The Data Ecosystem makes it possible to collate and analyse all that data from those different sources to understand what actions to take.
“That’s where the real benefits are from this. We can use this to develop easy ways to capture data, share it and interpret it that many other people can use,” Tweddle continued.
This could include people with their own land holdings, businesses, conservation charities, local community groups or park managers.
“We are working with them to look at how they can collect this data, share it with our system, and how we can help them interpret it. There’s so much potential, but you have to have that technical infrastructure with the expertise to put it together underneath it,” said Tweddle.
Now the gardens are open, the NHM is ready to throw huge volumes of data at the system and check everything holds. The next step is to start looking at putting an interpretive layer on top of the system to enable users to put their data in and have some interpretation come back out.

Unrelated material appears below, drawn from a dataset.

(* Let $(C_k)_{k\in\mathbb{N}}$ be a sequence of bivariate copulas satisfying the standing assumption below, and suppose every $C_k$ is exchangeable, i.e. $C_k(u,v)=C_k(v,u)$ for all $u,v\in(0,1)$. Then: (i) for every $k\in\mathbb{N}$ and all $(\mathbf{u},x)\in(0,1)^k\times(0,1)$ the Rosenblatt functions satisfy $R^{(2)}_k(\overline{\mathbf{u}},x)=R^{(1)}_k(\mathbf{u},x)$; (ii) the s-vine copula process associated with $(C_k)_{k\in\mathbb{N}}$ is reversible, i.e. for every $n\ge 2$ the $n$-dimensional copula satisfies $C_{(n)}(\mathbf{u})=C_{(n)}(\overline{\mathbf{u}})$ for all $\mathbf{u}\in(0,1)^n$.
   Context: Standing assumption: each bivariate copula $C_k$ is $C^\infty$ on $(0,1)^2$ and has a density $c_k$ that is strictly positive on $(0,1)^2$. Write $h_k^{(1)}(u_1,u_2)=\partial C_k(u_1,u_2)/\partial u_1$ and $h_k^{(2)}(u_1,u_2)=\partial C_k(u_1,u_2)/\partial u_2$. For $\mathbf{u}=(u_1,\dots,u_k)^\top$, $\mathbf{u}_{-i}$ denotes $\mathbf{u}$ with its $i$th component removed, $\mathbf{u}_{[a,b]}=(u_a,\dots,u_b)^\top$, and $\overline{\mathbf{u}}=(u_k,\dots,u_1)^\top$ is the reversed vector. The forward and backward Rosenblatt functions $R^{(1)}_k,R^{(2)}_k:(0,1)^k\times(0,1)\to(0,1)$ are defined by $R^{(1)}_1(u,x)=h_1^{(1)}(u,x)$, $R^{(2)}_1(u,x)=h_1^{(2)}(x,u)$ and, for $k\ge 2$, $R^{(1)}_k(\mathbf{u},x)=h_k^{(1)}\big(R^{(2)}_{k-1}(\mathbf{u}_{-1},u_1),R^{(1)}_{k-1}(\mathbf{u}_{-1},x)\big)$, $R^{(2)}_k(\mathbf{u},x)=h_k^{(2)}\big(R^{(2)}_{k-1}(\mathbf{u}_{-k},x),R^{(1)}_{k-1}(\mathbf{u}_{-k},u_k)\big)$; by convention $R^{(1)}_0(\cdot,u)=R^{(2)}_0(\cdot,u)=u$. For $n\ge2$, $C_{(n)}$ is the $n$-dimensional copula with density $c_{(n)}(u_1,\dots,u_n)=\prod_{k=1}^{n-1}\prod_{j=k+1}^{n}c_k\big(R^{(2)}_{k-1}(\mathbf{u}_{[j-k+1,j-1]},u_{j-k}),R^{(1)}_{k-1}(\mathbf{u}_{[j-k+1,j-1]},u_j)\big)$. An s-vine copula process associated with $(C_k)$ is a strictly stationary process $(U_t)_{t\in\mathbb{Z}}$ with standard uniform margins such that for every $t$ and $n\ge2$, $(U_t,\dots,U_{t+n-1})$ has distribution function $C_{(n)}$. *)

theory Defs
  imports "HOL-Analysis.Analysis" "HOL-Probability.Probability"
begin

The NHM is using the AWS SageMaker machine learning platform to enable that functionality, with the data product microservice acting as the backend, feeding through the data.

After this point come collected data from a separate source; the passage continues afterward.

lemma imat_adj_mult_cancel_left:
  "imat_det A = 1 \<Longrightarrow> imat_mult (imat_adj A) (imat_mult A X) = X"
  by (simp add: imat_mult_assoc [symmetric] imat_adj_mult_self)

lemma imat_mult_adj_cancel_right:
  "imat_det A = 1 \<Longrightarrow> imat_mult (imat_mult X A) (imat_adj A) = X"
  by (simp add: imat_mult_assoc imat_mult_adj_self)

lemma Gamma0_2_int_det: "A \<in> Gamma0_2_int \<Longrightarrow> imat_det A = 1"
  by (cases A rule: prod_cases4) simp

lemma Gamma0_2_int_mult:
  assumes "A \<in> Gamma0_2_int" and "B \<in> Gamma0_2_int"
  shows "imat_mult A B \<in> Gamma0_2_int"
proof -
  have "imat_det (imat_mult A B) = 1"
    using assms by (simp add: imat_det_mult Gamma0_2_int_det)
  then show ?thesis
    using assms by (cases A rule: prod_cases4, cases B rule: prod_cases4) simp
qed

lemma Gamma0_2_int_adj: "A \<in> Gamma0_2_int \<Longrightarrow> imat_adj A \<in> Gamma0_2_int"
  by (cases A rule: prod_cases4) (simp add: algebra_simps)

lemma Gamma0_2_int_odd_diagonal:
  assumes "(a, b, c, d) \<in> Gamma0_2_int"
  shows "odd a" and "odd d"
proof -
  have "odd (a * d)"
    using assms by (metis Gamma0_2_int_iff diff_add_cancel even_add even_mult_iff odd_one)
  then show "odd a" and "odd d"
    by simp_all
qed

lemma Gamma0_2_int_mult_parity:
  assumes "g \<in> Gamma0_2_int" and "even c" and "imat_mult g (a, b, c, d) = (a', b', c', d')"
  shows "even c'" and "odd a' \<longleftrightarrow> odd a" and "odd d' \<longleftrightarrow> odd d"
proof -
  obtain p q r s where g: "g = (p, q, r, s)"
    by (cases g rule: prod_cases4)
  with assms(1) have "(p, q, r, s) \<in> Gamma0_2_int"
    by simp
  then have "even r" "odd p" "odd s"
    using Gamma0_2_int_odd_diagonal [of p q r s] by simp_all
  moreover have "a' = p * a + q * c" "c' = r * a + s * c" "d' = r * b + s * d"
    using assms(3) by (simp_all add: g)
  ultimately show "even c'" "odd a' \<longleftrightarrow> odd a" "odd d' \<longleftrightarrow> odd d"
    using \<open>even c\<close> by simp_all
qed

lemma dvd_entries_mult_left: "dvd_entries k B \<Longrightarrow> dvd_entries k (imat_mult A B)"
  by (cases A rule: prod_cases4; cases B rule: prod_cases4) simp

lemma primitive_mult_left:
  assumes "imat_det g = 1" and "primitive A"
  shows "primitive (imat_mult g A)"
  unfolding primitive_def
proof (intro allI impI)
  fix k assume "dvd_entries k (imat_mult g A)"
  then have "dvd_entries k (imat_mult (imat_adj g) (imat_mult g A))"
    by (rule dvd_entries_mult_left)
  then show "is_unit k"
    using assms by (simp add: imat_adj_mult_cancel_left primitive_def)
qed

lemma primitive_upper_iff: "primitive (x, y, 0, z) \<longleftrightarrow> gcd (gcd x y) z = 1"
proof
  assume "primitive (x, y, 0, z)"
  moreover have "dvd_entries (gcd (gcd x y) z) (x, y, 0, z)"
    by (meson dvd_0_right dvd_entries.simps dvd_trans gcd_dvd1 gcd_dvd2)
  ultimately have "is_unit (gcd (gcd x y) z)"
    unfolding primitive_def by blast
  then show "gcd (gcd x y) z = 1"
    by simp
next
  assume "gcd (gcd x y) z = 1"
  then show "primitive (x, y, 0, z)"
    unfolding primitive_def by (metis dvd_entries.simps gcd_greatest is_unit_gcd)
qed

lemma dvd_entries_adj_iff [simp]: "dvd_entries k (imat_adj A) \<longleftrightarrow> dvd_entries k A"
  by (cases A rule: prod_cases4) auto

lemma primitive_adj_iff: "primitive (imat_adj A) \<longleftrightarrow> primitive A"
  by (simp add: primitive_def)

definition int_double_coset :: "imat \<Rightarrow> imat set" where
  "int_double_coset D =
     {imat_mult (imat_mult g D) h | g h. g \<in> Gamma0_2_int \<and> h \<in> Gamma0_2_int}"

lemma int_double_coset_I:
  "g \<in> Gamma0_2_int \<Longrightarrow> h \<in> Gamma0_2_int \<Longrightarrow> imat_mult (imat_mult g D) h \<in> int_double_coset D"
  unfolding int_double_coset_def by blast

lemma int_double_coset_E:
  assumes "A \<in> int_double_coset D"
  obtains g h where "g \<in> Gamma0_2_int" and "h \<in> Gamma0_2_int" and "A = imat_mult (imat_mult g D) h"
  using assms unfolding int_double_coset_def by blast

lemma int_double_coset_self: "D \<in> int_double_coset D"
  using int_double_coset_I [of "(1, 0, 0, 1)" "(1, 0, 0, 1)" D] by simp

lemma int_double_coset_mult_left_iff:
  assumes g: "g \<in> Gamma0_2_int"
  shows "imat_mult g A \<in> int_double_coset D \<longleftrightarrow> A \<in> int_double_coset D"
proof
  assume "imat_mult g A \<in> int_double_coset D"
  then obtain g' h where g': "g' \<in> Gamma0_2_int" and h: "h \<in> Gamma0_2_int"
    and gA: "imat_mult g A = imat_mult (imat_mult g' D) h"
    by (rule int_double_coset_E)
  have "A = imat_mult (imat_adj g) (imat_mult g A)"
    using g by (simp add: imat_adj_mult_cancel_left Gamma0_2_int_det)
  also have "\<dots> = imat_mult (imat_mult (imat_mult (imat_adj g) g') D) h"
    by (simp add: gA imat_mult_assoc)
  finally show "A \<in> int_double_coset D"
    using g g' h by (simp add: int_double_coset_I Gamma0_2_int_mult Gamma0_2_int_adj)
next
  assume "A \<in> int_double_coset D"
  then obtain g' h where "g' \<in> Gamma0_2_int" "h \<in> Gamma0_2_int" "A = imat_mult (imat_mult g' D) h"
    by (rule int_double_coset_E)
  then show "imat_mult g A \<in> int_double_coset D"
    using g int_double_coset_I [of "imat_mult g g'" h D]
    by (simp add: imat_mult_assoc Gamma0_2_int_mult)
qed

lemma int_double_coset_mult_right_iff:
  assumes h: "h \<in> Gamma0_2_int"
  shows "imat_mult A h \<in> int_double_coset D \<longleftrightarrow> A \<in> int_double_coset D"
proof
  assume "imat_mult A h \<in> int_double_coset D"
  then obtain g h' where g: "g \<in> Gamma0_2_int" and h': "h' \<in> Gamma0_2_int"
    and Ah: "imat_mult A h = imat_mult (imat_mult g D) h'"
    by (rule int_double_coset_E)
  have "A = imat_mult (imat_mult A h) (imat_adj h)"
    using h by (simp add: imat_mult_adj_cancel_right Gamma0_2_int_det)
  also have "\<dots> = imat_mult (imat_mult g D) (imat_mult h' (imat_adj h))"
    by (simp add: Ah imat_mult_assoc)
  finally show "A \<in> int_double_coset D"
    using g h h' by (simp add: int_double_coset_I Gamma0_2_int_mult Gamma0_2_int_adj)
next
  assume "A \<in> int_double_coset D"
  then obtain g h' where "g \<in> Gamma0_2_int" "h' \<in> Gamma0_2_int" "A = imat_mult (imat_mult g D) h'"
    by (rule int_double_coset_E)
  then show "imat_mult A h \<in> int_double_coset D"
    using h int_double_coset_I [of g "imat_mult h' h" D]
    by (simp add: imat_mult_assoc Gamma0_2_int_mult)
qed

lemma int_double_coset_adj:
  assumes "A \<in> int_double_coset D"
  shows "imat_adj A \<in> int_double_coset (imat_adj D)"
proof -
  obtain g h where "g \<in> Gamma0_2_int" "h \<in> Gamma0_2_int" "A = imat_mult (imat_mult g D) h"
    using assms by (rule int_double_coset_E)
  then show ?thesis
    using int_double_coset_I [of "imat_adj h" "imat_adj g" "imat_adj D"]
    by (simp add: imat_adj_mult imat_mult_assoc Gamma0_2_int_adj)
qed

section \<open>Hermite and Smith forms over \<open>\<Gamma>\<^sub>0(2)\<close>\<close>

lemma Gamma0_2_int_triangularize:
  assumes "a \<noteq> 0 \<or> c \<noteq> 0" and "even (c div gcd a c)"
  obtains g y z where "g \<in> Gamma0_2_int" and "imat_mult g (a, b, c, d) = (gcd a c, y, 0, z)"
proof -
  define e where "e = gcd a c"
  define a1 c1 where "a1 = a div e" and "c1 = c div e"
  have e: "e \<noteq> 0" "a = a1 * e" "c = c1 * e"
    using assms(1) by (simp_all add: e_def a1_def c1_def)
  obtain u v where "u * a + v * c = e"
    using bezout_int e_def by metis
  then have "(u * a1 + v * c1) * e = 1 * e"
    using e by (simp add: algebra_simps)
  then have "u * a1 + v * c1 = 1"
    using e(1) mult_right_cancel by blast
  then have "(u, v, -c1, a1) \<in> Gamma0_2_int"
    using assms(2) by (simp add: c1_def e_def)
  moreover have "imat_mult (u, v, -c1, a1) (a, b, c, d) = (e, u * b + v * d, 0, a1 * d - c1 * b)"
    using \<open>u * a + v * c = e\<close> e by (simp add: algebra_simps)
  ultimately show ?thesis
    using that e_def by blast
qed

definition hermite_form :: "int \<Rightarrow> int \<Rightarrow> int \<Rightarrow> int \<Rightarrow> bool" where
  "hermite_form m x y z \<longleftrightarrow>
     x > 0 \<and> z > 0 \<and> x * z = m \<and> 0 \<le> y \<and> y < z \<and> gcd (gcd x y) z = 1"

lemma Gamma0_2_int_hermite_form:
  assumes det: "imat_det (a, b, c, d) = m" and "m > 0" and prim: "primitive (a, b, c, d)"
    and "even (c div gcd a c)"
  obtains g y z where "g \<in> Gamma0_2_int" and "imat_mult g (a, b, c, d) = (gcd a c, y, 0, z)"
    and "hermite_form m (gcd a c) y z"
proof -
  have "a \<noteq> 0 \<or> c \<noteq> 0"
    using det \<open>m > 0\<close> by auto
  then obtain g1 y0 z where g1: "g1 \<in> Gamma0_2_int"
    and upper: "imat_mult g1 (a, b, c, d) = (gcd a c, y0, 0, z)"
    using Gamma0_2_int_triangularize assms(4) by metis
  have "gcd a c * z = m"
    using imat_det_mult [of g1 "(a, b, c, d)"] det g1 upper by (simp add: Gamma0_2_int_det)
  moreover have "gcd a c > 0"
    using \<open>a \<noteq> 0 \<or> c \<noteq> 0\<close> by simp
  ultimately have "z > 0"
    using \<open>m > 0\<close> by (metis zero_less_mult_pos)
  define g where "g = imat_mult (1, -(y0 div z), 0, 1) g1"
  have g: "g \<in> Gamma0_2_int"
    unfolding g_def using g1 by (simp add: Gamma0_2_int_mult)
  have reduced: "imat_mult g (a, b, c, d) = (gcd a c, y0 mod z, 0, z)"
    using \<open>z > 0\<close> by (simp add: g_def imat_mult_assoc upper minus_div_mult_eq_mod [symmetric])
  have "gcd (gcd (gcd a c) (y0 mod z)) z = 1"
    using primitive_mult_left [OF Gamma0_2_int_det [OF g] prim] reduced
    by (simp add: primitive_upper_iff)
  then show ?thesis
    using that g reduced \<open>gcd a c * z = m\<close> \<open>gcd a c > 0\<close> \<open>z > 0\<close>
    by (simp add: hermite_form_def)
qed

“We’re building a system where SageMaker can connect to that data product service. That enables us to have a physical separation between the raw data that gets collected, so the initial data that gets brought in, versus the data that we want users to use for their research,” said Hale. “We have that process that takes that raw data into the data products and that can then be accessed by SageMaker.”
The NHM is expecting to generate reams of data from its new system, about 20 terabytes in the first year, the majority coming from audio recordings. The 25 sensors throughout the museum gardens will be recording audio on a continuous basis and writing it to the Data Ecosystem.

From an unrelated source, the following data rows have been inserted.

theorem lemma4p4:
  fixes N d P :: nat and \<gamma> :: real
    and \<omega> :: "nat set \<Rightarrow> nat \<Rightarrow> (nat \<Rightarrow> nat \<Rightarrow> real) \<Rightarrow> real"
    and B :: "nat \<Rightarrow> nat set set"
    and eta :: "nat \<Rightarrow> nat \<Rightarrow> nat \<Rightarrow> real"
    and x :: "nat \<Rightarrow> nat \<Rightarrow> nat \<Rightarrow> real"
    and m k :: nat
  assumes "N \<ge> 2" and "d \<ge> 1" and "P \<ge> 2" and "0 < \<gamma>" and "\<gamma> < 1"
    and \<omega>_nonneg: "\<And>S j X. S \<noteq> {} \<Longrightarrow> S \<subseteq> {1..N} \<Longrightarrow> \<omega> S j X \<ge> 0"
    and \<omega>_sum: "\<And>S X. S \<noteq> {} \<Longrightarrow> S \<subseteq> {1..N} \<Longrightarrow> (\<Sum>j\<in>S. \<omega> S j X) = 1"
    and \<omega>_out: "\<And>S j X. S \<noteq> {} \<Longrightarrow> S \<subseteq> {1..N} \<Longrightarrow> j \<notin> S \<Longrightarrow> \<omega> S j X = 0"
    and batches: "\<And>n. B n \<in> batch_partitions N P"
    and dyn: "\<And>n i l. i \<in> {1..N} \<Longrightarrow> l \<in> {1..d} \<Longrightarrow>
       x (Suc n) i l = x n i l
         - \<gamma> * (x n i l - (\<Sum>j\<in>{1..N}. \<omega> (batch_of (B n) i) j (x n) * x n j l))
         - (x n i l - (\<Sum>j\<in>{1..N}. \<omega> (batch_of (B n) i) j (x n) * x n j l)) * eta n i l"
    and "m \<ge> 1"
  shows "\<forall>n l. k * m \<le> n \<and> n < (k + 1) * m \<and> l \<in> {1..d} \<longrightarrow>
     diam N (\<lambda>i. x n i l)
       \<le> diam N (\<lambda>i. x 0 i l) * (1 + Hcoef N eta l (k * m) n)
         * (\<Prod>s\<in>{1..k}. 1 - \<gamma> * (1 - \<gamma>) ^ (m - 1) * real (Gcount N B ((s - 1) * m) (s * m))
                           + Hcoef N eta l ((s - 1) * m) (s * m))"
proof (intro allI impI)
  fix n l assume n: "k * m \<le> n \<and> n < (k + 1) * m \<and> l \<in> {1..d}"
  then have l: "l \<in> {1..d}" by simp
  note batch = batch_of_batch_partitions[OF batches]
  interpret batch_consensus N \<gamma> "\<lambda>r i j. \<omega> (batch_of (B r) i) j (x r)" "\<lambda>r i. eta r i l"
    "\<lambda>r. norm_1inf N (Hmat eta l r)" "\<lambda>r i. x r i l" B
  proof unfold_locales
    show "1 \<le> N" "0 \<le> \<gamma>" "\<gamma> \<le> 1"
      using \<open>N \<ge> 2\<close> \<open>0 < \<gamma>\<close> \<open>\<gamma> < 1\<close> by simp_all
    show "(\<lambda>j. \<omega> (batch_of (B r) i) j (x r)) = (\<lambda>j. \<omega> (batch_of (B r) k) j (x r))"
      if "batch_of (B r) i = batch_of (B r) k" for r i k
      using that by simp
  next
    fix r i j assume i: "i \<in> {1..N}"
    show "0 \<le> \<omega> (batch_of (B r) i) j (x r)"
      by (rule \<omega>_nonneg[OF batch[OF i]])
    have "(\<Sum>j\<in>batch_of (B r) i. \<omega> (batch_of (B r) i) j (x r)) = (\<Sum>j\<in>{1..N}. \<omega> (batch_of (B r) i) j (x r))"
      by (rule sum.mono_neutral_left) (use \<omega>_out[OF batch[OF i]] batch[OF i] in auto)
    with \<omega>_sum[OF batch[OF i]] show "(\<Sum>j\<in>{1..N}. \<omega> (batch_of (B r) i) j (x r)) = 1"
      by simp
    show "\<bar>eta r i l\<bar> \<le> norm_1inf N (Hmat eta l r)"
      by (rule abs_noise_le_norm_1inf[OF i])
    show "x (Suc r) i l = (1 - \<gamma>) * x r i l + \<gamma> * (\<Sum>k\<in>{1..N}. \<omega> (batch_of (B r) i) k (x r) * x r k l)
        - (x r i l - (\<Sum>k\<in>{1..N}. \<omega> (batch_of (B r) i) k (x r) * x r k l)) * eta r i l"
      using dyn[OF i l, of r] by (simp add: algebra_simps)
  qed
  have "Hcoef N eta l = (\<lambda>n0 n1. 2 * (noise_growth n0 n1 - 1))"
    by (simp add: fun_eq_iff Hcoef_def noise_growth_def)
  then show "diam N (\<lambda>i. x n i l)
       \<le> diam N (\<lambda>i. x 0 i l) * (1 + Hcoef N eta l (k * m) n)
         * (\<Prod>s\<in>{1..k}. 1 - \<gamma> * (1 - \<gamma>) ^ (m - 1) * real (Gcount N B ((s - 1) * m) (s * m))
                           + Hcoef N eta l ((s - 1) * m) (s * m))"
    using diam_le_blockwise[OF \<open>m \<ge> 1\<close>] n by simp
qed

end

While currently, the system is restricted to internal researchers within the NHM datacentre, longer term, the NHM plans to share data with the wider biodiversity sector. This sector has gone from being data poor (and lacking enough information about nature to analyse events and take action) to being data flooded – but this brings its own challenges, according to Tweddle.
John Tweddle, Angela Marmont Centre for UK Biodiversity at NHM
“We’re at the point now – with acoustic sensors, environmental DNA, visual recording – that we’re close to being data flooded. Then it’s the big questions around how do we handle, condense and combine that data, and what does and doesn’t work when you try to combine data types. This infrastructure with the Data Ecosystem gives us the opportunity to really delve into that,” he added.
The NHM hopes the technology available as part of the project will inspire more people to connect with nature. The UK has around 70,000 to 90,000 volunteers who visually observe wildlife in terms of acoustics and eDNA, but Hale estimates it is probably fewer than 500 people who are active researchers.
“Once these technologies become more accessible, you can imagine the amount of data that’s going to be generated. You can really picture the potential for impact with a community group being able to record audio on their phone and upload it to a system that tells them immediately what bird was in the recording. Or if you’ve got a school taking a pond sample and they can detect the biodiversity on their site.”
The ultimate goal of the Urban Nature Project is to “give people across the UK the motivation and tools to safeguard nature in towns and cities”. As the UK is one of the most nature-depleted countries, hopefully the combination of the NHM’s wealth of data and scientific expertise along with AWS’s technology will see a turnaround in restoring our wild spaces.